I got this email in my inbox late last night:

Dear Matt Blumberg,

At 11:00 p.m. PST today, Clear will cease operations. Clear's parent company, Verified Identity Pass, Inc. has been unable to negotiate an agreement with its senior creditor to continue operations.

After today, Clear lanes will be unavailable.

Clear Customer Support

Regardless of what you think of the Clear service (these are the paid-express lanes in a handful of airports), this is just a crummy way to shut down a business.  Not even a hint of "we're sorry we took your money and are keeping the money and can't give you the service we promised any more."

Maybe this particular situation or Chapter 7 bankruptcies don't allow for much time, but come on.  There must be a more dignified way of shutting down a business.

3 responses to “A Clear Problem”

  1. Sam Masiello says:

    This shouldn't be surprising. Although there are some airports where the lines can be long and unruly on a regular basis, if you are flying often enough to warrant purchasing a CLEAR card, you possibly also have enough miles such that you are frequently going through the business class lines at most airports.

    Personally, I never expected CLEAR to be able to sustain itself long term. I've rarely seen anyone at their booths and even less frequently seen anyone in the CLEAR line. In my opinion, it is an interesting idea, but was largely trying to solve a problem that I don't believe most people had or couldn't justify the $300 annual expense for.

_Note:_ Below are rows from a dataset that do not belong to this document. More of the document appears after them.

(* Let $\overrightarrow{C}=\bigcup_{j=1}^t m_j\overrightarrow{C_{n_j}}$ be an oriented 2-regular graph with at least two cycle components, where $n_1<n_2<\dots<n_t$ are the distinct cycle lengths, $m_j\ge1$ is the number of components of length $n_j$, and $\sum_j m_j\ge2$. Let $2\le k\le n_1-1$ be such that $\{k\}$ is a distance set of $\overrightarrow{C}$. Then $\overrightarrow{C}$ is $\{k\}$-antimagic if and only if it is unidirectional.
   Context: An oriented graph is a simple graph each of whose edges is given one direction (an arc $(u,v)$ goes from $u$ to $v$). For vertices $u,v$, $d(u,v)$ is the length of a shortest directed path from $u$ to $v$ ($d(u,u)=0$, $\infty$ if no path). A distance set of an oriented graph is a nonempty set $D$ of nonnegative integers each of which is a finite distance $d(u,v)$ for some pair of vertices. $N_D(v)=\{y : d(v,y)\in D\}$; for a bijection $f:V\to\{1,\dots,|V|\}$, $\omega_D(v)=\sum_{x\in N_D(v)}f(x)$ (empty sum $0$); $f$ is $D$-antimagic if distinct vertices have distinct $D$-weights, and the graph is $D$-antimagic if such an $f$ exists. An oriented 2-regular graph is an orientation of a disjoint union of cycles, each of length at least $3$. A cycle component on $v_1,\dots,v_n$ is unidirectional if (up to relabeling) its arcs are $(v_i,v_{i+1})$, $1\le i\le n-1$, and $(v_n,v_1)$; the oriented 2-regular graph is unidirectional if every cycle component is unidirectional. *)

theory Defs
  imports Main
begin

text \<open>An oriented graph is given by an arc set A on a vertex set.
  Directed distance: length of a shortest directed walk (= shortest path);
  None encodes infinity.\<close>
definition odist :: "('a \<times> 'a) set \<Rightarrow> 'a \<Rightarrow> 'a \<Rightarrow> nat option" where
  "odist A u v = (if \<exists>n. (u, v) \<in> A ^^ n then Some (LEAST n. (u, v) \<in> A ^^ n) else None)"

definition is_distance_set :: "'a set \<Rightarrow> ('a \<times> 'a) set \<Rightarrow> nat set \<Rightarrow> bool" where
  "is_distance_set V A D \<longleftrightarrow> D \<noteq> {} \<and> (\<forall>d\<in>D. \<exists>u\<in>V. \<exists>v\<in>V. odist A u v = Some d)"

definition D_neighbourhood :: "'a set \<Rightarrow> ('a \<times> 'a) set \<Rightarrow> nat set \<Rightarrow> 'a \<Rightarrow> 'a set" where
  "D_neighbourhood V A D v = {y \<in> V. \<exists>d\<in>D. odist A v y = Some d}"

definition D_weight :: "'a set \<Rightarrow> ('a \<times> 'a) set \<Rightarrow> nat set \<Rightarrow> ('a \<Rightarrow> nat) \<Rightarrow> 'a \<Rightarrow> nat" where
  "D_weight V A D f v = (\<Sum>x\<in>D_neighbourhood V A D v. f x)"

definition D_antimagic :: "'a set \<Rightarrow> ('a \<times> 'a) set \<Rightarrow> nat set \<Rightarrow> bool" where
  "D_antimagic V A D \<longleftrightarrow>
     (\<exists>f. bij_betw f V {1..card V} \<and> inj_on (D_weight V A D f) V)"

text \<open>A cycle component is given by a list of distinct vertices v_1..v_n;
  its (undirected) edges are {v_i, v_(i+1)} and {v_n, v_1}, recorded as pairs.\<close>
definition cycle_edges :: "'a list \<Rightarrow> ('a \<times> 'a) set" where
  "cycle_edges c = {(c ! i, c ! ((i + 1) mod length c)) | i. i < length c}"

definition verts :: "'a list list \<Rightarrow> 'a set" where
  "verts cs = (\<Union>c\<in>set cs. set c)"

definition oriented_2regular :: "'a list list \<Rightarrow> ('a \<times> 'a) set \<Rightarrow> bool" where
  "oriented_2regular cs A \<longleftrightarrow>
     (\<forall>c\<in>set cs. distinct c \<and> 3 \<le> length c) \<and>
     (\<forall>i<length cs. \<forall>j<length cs. i \<noteq> j \<longrightarrow> set (cs ! i) \<inter> set (cs ! j) = {}) \<and>
     (let E = (\<Union>c\<in>set cs. cycle_edges c) in
        A \<subseteq> E \<union> E\<inverse> \<and> (\<forall>(u, v)\<in>E. (u, v) \<in> A \<or> (v, u) \<in> A) \<and> A \<inter> A\<inverse> = {})"
(* Let $N\ge 1$ and let $d<d'$ with $d\in\mathbb{N}$ and $d'\in\mathbb{N}\cup\{\infty\}$. Let $\lambda=(\lambda_1,\ldots,\lambda_d)$ with $1\ge\lambda_1\ge\cdots\ge\lambda_d\ge 0$ and $\sum_i\lambda_i=N$. Then $\lambda$ is compatible with respect to $\wedge^N[\mathcal{H}_d]$ if and only if $(\lambda_1,\ldots,\lambda_d,0,\ldots,0)$ (padded with $d'-d$ zeros) is compatible with respect to $\wedge^N[\mathcal{H}_{d'}]$. Equivalently, denoting by $\mathcal{P}_{N,k}$ the set of spectra compatible with respect to $\wedge^N[\mathcal{H}_k]$, one has $\mathcal{P}_{N,d}=\mathcal{P}_{N,d'}\cap\{\lambda_{d+1}=\lambda_{d+2}=\cdots=0\}$ (identifying a vector of length $d$ with its zero-padding).
   Context: For $k\in\mathbb{N}\cup\{\infty\}$, $\mathcal{H}_k$ denotes a $k$-dimensional separable complex Hilbert space (the one-particle space), with $\mathcal{H}_d$ embedded as a subspace of $\mathcal{H}_{d'}$, and $\wedge^N[\mathcal{H}_k]$ the $N$-fold antisymmetric tensor power (the $N$-fermion space). For a normalized $|\Psi\rangle\in\wedge^N[\mathcal{H}_k]$, its one-particle reduced density operator is $\rho_1=N\,\mathrm{tr}_{N-1}[|\Psi\rangle\langle\Psi|]$ (partial trace over $N-1$ of the particles), normalized so that $\mathrm{tr}\rho_1=N$; its eigenvalues, listed in non-increasing order with multiplicity, are the natural occupation numbers. A vector $\lambda=(\lambda_1,\ldots,\lambda_k)$ with $1\ge\lambda_1\ge\lambda_2\ge\cdots\ge 0$ and $\sum\lambda_i=N$ is called compatible with respect to $\wedge^N[\mathcal{H}_k]$ if it is the ordered spectrum of $\rho_1$ for some normalized pure state $|\Psi\rangle\in\wedge^N[\mathcal{H}_k]$. *)

theory Defs
  imports "HOL-Analysis.Analysis" "HOL-Combinatorics.Permutations"
begin

text \<open>One-particle space H_k realised as l^2 over the index set of basis labels
  {i. i < k}, with k :: enat (k = infinity allowed).  Vectors are functions
  nat => complex vanishing outside the index set.\<close>

definition idx :: "enat \<Rightarrow> nat set" where
  "idx k = {i. enat i < k}"

definition is_vec :: "enat \<Rightarrow> (nat \<Rightarrow> complex) \<Rightarrow> bool" where
  "is_vec k v \<longleftrightarrow> (\<forall>i. i \<notin> idx k \<longrightarrow> v i = 0) \<and> (\<lambda>i. (norm (v i))\<^sup>2) summable_on idx k"

definition inner_k :: "enat \<Rightarrow> (nat \<Rightarrow> complex) \<Rightarrow> (nat \<Rightarrow> complex) \<Rightarrow> complex" where
  "inner_k k u v = infsum (\<lambda>i. cnj (u i) * v i) (idx k)"

text \<open>N-particle tensor space H_k^{otimes N} as l^2 over index tuples (lists of
  length N with entries in idx k); the wedge power is the antisymmetric part.\<close>

definition tuples :: "nat \<Rightarrow> enat \<Rightarrow> nat list set" where
  "tuples n k = {xs. length xs = n \<and> set xs \<subseteq> idx k}"

definition fermion_state :: "nat \<Rightarrow> enat \<Rightarrow> (nat list \<Rightarrow> complex) \<Rightarrow> bool" where
  "fermion_state N k \<Psi> \<longleftrightarrow>
     (\<forall>xs. xs \<notin> tuples N k \<longrightarrow> \<Psi> xs = 0) \<and>
     (\<forall>xs p. length xs = N \<longrightarrow> p permutes {..<N} \<longrightarrow>
         \<Psi> (permute_list p xs) = of_int (sign p) * \<Psi> xs) \<and>
     ((\<lambda>xs. (norm (\<Psi> xs))\<^sup>2) has_sum 1) (tuples N k)"

text \<open>One-particle reduced density operator rho_1 = N tr_{N-1} |Psi><Psi|,
  given by its matrix elements <i|rho_1|j> (trace over particles 2..N).\<close>

definition rdm1 :: "nat \<Rightarrow> enat \<Rightarrow> (nat list \<Rightarrow> complex) \<Rightarrow> nat \<Rightarrow> nat \<Rightarrow> complex" where
  "rdm1 N k \<Psi> i j = of_nat N * infsum (\<lambda>ys. \<Psi> (i # ys) * cnj (\<Psi> (j # ys))) (tuples (N - 1) k)"

definition apply_op :: "enat \<Rightarrow> (nat \<Rightarrow> nat \<Rightarrow> complex) \<Rightarrow> (nat \<Rightarrow> complex) \<Rightarrow> nat \<Rightarrow> complex" where
  "apply_op k A v = (\<lambda>i. if i \<in> idx k then infsum (\<lambda>j. A i j * v j) (idx k) else 0)"

definition eigenspace_k :: "enat \<Rightarrow> (nat \<Rightarrow> nat \<Rightarrow> complex) \<Rightarrow> real \<Rightarrow> (nat \<Rightarrow> complex) set" where
  "eigenspace_k k A \<mu> = {v. is_vec k v \<and> apply_op k A v = (\<lambda>i. complex_of_real \<mu> * v i)}"

text \<open>Multiplicity of mu as an eigenvalue (Hilbert dimension of the eigenspace):
  an orthonormal family of n vectors exists in the eigenspace.\<close>

definition has_orthonormal_family :: "enat \<Rightarrow> (nat \<Rightarrow> complex) set \<Rightarrow> nat \<Rightarrow> bool" where
  "has_orthonormal_family k E n \<longleftrightarrow>
     (\<exists>e :: nat \<Rightarrow> nat \<Rightarrow> complex. (\<forall>a<n. e a \<in> E) \<and>
        (\<forall>a<n. \<forall>b<n. inner_k k (e a) (e b) = (if a = b then 1 else 0)))"

text \<open>lam (restricted to indices < k) is the ordered spectrum (eigenvalues in
  non-increasing order, with multiplicity) of the positive operator A: it is
  non-increasing and non-negative, and each positive value occurs in lam exactly
  as often as its multiplicity as an eigenvalue of A (the remaining entries are
  the zeros).\<close>

definition ordered_spectrum :: "enat \<Rightarrow> (nat \<Rightarrow> nat \<Rightarrow> complex) \<Rightarrow> (nat \<Rightarrow> real) \<Rightarrow> bool" where
  "ordered_spectrum k A lam \<longleftrightarrow>
     (\<forall>i j. i \<le> j \<longrightarrow> enat j < k \<longrightarrow> lam j \<le> lam i) \<and>
     (\<forall>i. enat i < k \<longrightarrow> 0 \<le> lam i) \<and>
     (\<forall>\<mu>>0. \<forall>n. has_orthonormal_family k (eigenspace_k k A \<mu>) n \<longleftrightarrow>
                 (\<exists>F. F \<subseteq> {i. enat i < k \<and> lam i = \<mu>} \<and> finite F \<and> card F = n))"

definition compatible :: "nat \<Rightarrow> enat \<Rightarrow> (nat \<Rightarrow> real) \<Rightarrow> bool" where
  "compatible N k lam \<longleftrightarrow> (\<exists>\<Psi>. fermion_state N k \<Psi> \<and> ordered_spectrum k (rdm1 N k \<Psi>) lam)"

definition pad :: "nat \<Rightarrow> (nat \<Rightarrow> real) \<Rightarrow> nat \<Rightarrow> real" where
  "pad d lam i = (if i < d then lam i else 0)"

end

theory Submission
  imports Defs
begin

text \<open>Let \<open>f\<^sub>a\<close> (\<open>a < d\<close>, \<open>\<lambda>\<^sub>a > 0\<close>) be orthonormal eigenvectors of \<open>\<rho>\<^sub>1\<close> for its positive
  eigenvalues.  Contracting \<open>\<Psi>\<close> with \<open>f\<^sub>a\<close> in the first slot gives vectors of squared norm
  \<open>\<lambda>\<^sub>a / N\<close>; since \<open>\<Sum>\<^sub>a \<lambda>\<^sub>a = N = \<parallel>\<Psi>\<parallel>\<^sup>2\<close>, Bessel's inequality is an equality for every column
  \<open>\<Psi>(\<cdot>, ys)\<close>, so each column lies in the span of the \<open>f\<^sub>a\<close>.  By antisymmetry the same holds in
  every slot, hence \<open>\<Psi> = \<Sum> c(a\<^sub>1\<dots>a\<^sub>N) f\<^bsub>a\<^sub>1\<^esub> \<otimes> \<dots> \<otimes> f\<^bsub>a\<^sub>N\<^esub>\<close>.  The coefficient array \<open>c\<close> is itself a
  normalised antisymmetric state on the labels \<open>{a < d}\<close>, hence a state in \<open>\<wedge>\<^sup>N[\<H>\<^sub>k]\<close> for every
  \<open>k \<ge> d\<close>, and its one-particle density matrix is \<open>\<langle>f\<^sub>a, \<rho>\<^sub>1 f\<^sub>b\<rangle> = diag(\<lambda>)\<close>.  A diagonal operator
  has its diagonal as ordered spectrum, so compatibility of \<open>\<lambda>\<close> does not depend on \<open>k \<ge> d\<close>.\<close>

section \<open>Infinite sums\<close>

lemma summable_on_finite_sum:
  fixes g :: "'i \<Rightarrow> 'a \<Rightarrow> 'b::{topological_comm_monoid_add}"
  assumes "finite P" "\<And>p. p \<in> P \<Longrightarrow> g p summable_on A"
  shows "(\<lambda>x. \<Sum>p\<in>P. g p x) summable_on A"
  using assms
proof (induction P rule: finite_induct)
  case empty then show ?case by (simp add: summable_on_0)
next
  case (insert a F)
  then show ?case by (simp add: summable_on_add)
qed

lemma infsum_finite_sum:
  fixes g :: "'i \<Rightarrow> 'a \<Rightarrow> 'b::{topological_comm_monoid_add, t2_space}"
  assumes "finite P" "\<And>p. p \<in> P \<Longrightarrow> g p summable_on A"
  shows "infsum (\<lambda>x. \<Sum>p\<in>P. g p x) A = (\<Sum>p\<in>P. infsum (g p) A)"
  using assms
proof (induction P rule: finite_induct)
  case empty then show ?case by simp
next
  case (insert a F)
  have "infsum (\<lambda>x. \<Sum>p\<in>insert a F. g p x) A = infsum (\<lambda>x. g a x + (\<Sum>p\<in>F. g p x)) A"
    using insert by simp
  also have "\<dots> = infsum (g a) A + infsum (\<lambda>x. \<Sum>p\<in>F. g p x) A"
    using insert by (intro infsum_add summable_on_finite_sum) auto
  finally show ?case using insert by simp
qed

lemma summable_on_diff:
  fixes f g :: "'a \<Rightarrow> 'b::{topological_ab_group_add}"
  assumes "f summable_on A" "g summable_on A"
  shows "(\<lambda>x. f x - g x) summable_on A"
proof -
  have "(\<lambda>x. f x + - g x) summable_on A"
    using assms by (intro summable_on_add) (auto simp: summable_on_uminus)
  then show ?thesis by simp
qed

lemma infsum_diff:
  fixes f g :: "'a \<Rightarrow> 'b::{topological_ab_group_add, t2_space}"
  assumes "f summable_on A" "g summable_on A"
  shows "infsum (\<lambda>x. f x - g x) A = infsum f A - infsum g A"
proof -
  have "infsum (\<lambda>x. f x + - g x) A = infsum f A + infsum (\<lambda>x. - g x) A"
    using assms by (intro infsum_add) (auto simp: summable_on_uminus)
  then show ?thesis by (simp add: infsum_uminus)
qed

lemma infsum_of_real:
  "infsum (\<lambda>x. complex_of_real (f x)) A = complex_of_real (infsum f A)"
proof (cases "f summable_on A")
  case True
  then show ?thesis by (intro infsumI has_sum_of_real has_sum_infsum)
next
  case False
  have "\<not> (\<lambda>x. complex_of_real (f x)) summable_on A"
  proof
    assume "(\<lambda>x. complex_of_real (f x)) summable_on A"
    from summable_on_Re[OF this] False show False by simp
  qed
  then show ?thesis using False by (simp add: infsum_not_exists)
qed

lemma infsum_product_swap: "infsum f (A \<times> B) = infsum (\<lambda>(x,y). f (y,x)) (B \<times> A)"
proof -
  have "bij_betw (\<lambda>(x,y). (y,x)) (B \<times> A) (A \<times> B)"
    by (rule bij_betwI[of _ _ _ "\<lambda>(x,y). (y,x)"]) auto
  from infsum_reindex_bij_betw[OF this, of f] show ?thesis by (simp add: case_prod_unfold)
qed

lemma summable_on_times_nonneg:
  fixes g :: "'a \<Rightarrow> real" and h :: "'b \<Rightarrow> real"
  assumes "g summable_on A" "h summable_on B" "\<And>a. a \<in> A \<Longrightarrow> g a \<ge> 0" "\<And>b. b \<in> B \<Longrightarrow> h b \<ge> 0"
  shows "(\<lambda>(a,b). g a * h b) summable_on (A \<times> B)"
proof -
  have "((\<lambda>b. g a * h b) has_sum (g a * infsum h B)) B" for a
    using assms(2) by (intro has_sum_cmult_right has_sum_infsum)
  moreover have "(\<lambda>a. g a * infsum h B) summable_on A"
    using assms(1) by (intro summable_on_cmult_left)
  ultimately have "(\<lambda>(a,b). g a * h b) summable_on Sigma A (\<lambda>_. B)"
    by (intro summable_on_SigmaI[where g="\<lambda>a. g a * infsum h B"]) (use assms in auto)
  then show ?thesis by simp
qed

  2. I had actually seen increasing crowds at CLEAR in some airports (Denver in particular), and I thought it was $100/year (that was the introductory price anyway).  I think the value they could have created was skipping security, which they held out as a long-term promise of the business.

  3. CLEAR missed the PR/marketing boat on many levels. The program was poorly marketed and poorly executed. People didn't know what it was, how much it cost or how to sign up. In the end, even their demise suffered from bad PR as evidenced by the email Matt received. A good idea is still just that, an idea, if not executed properly. My guess is that the program will re-emerge in a different form in the future with a better marketing campaign.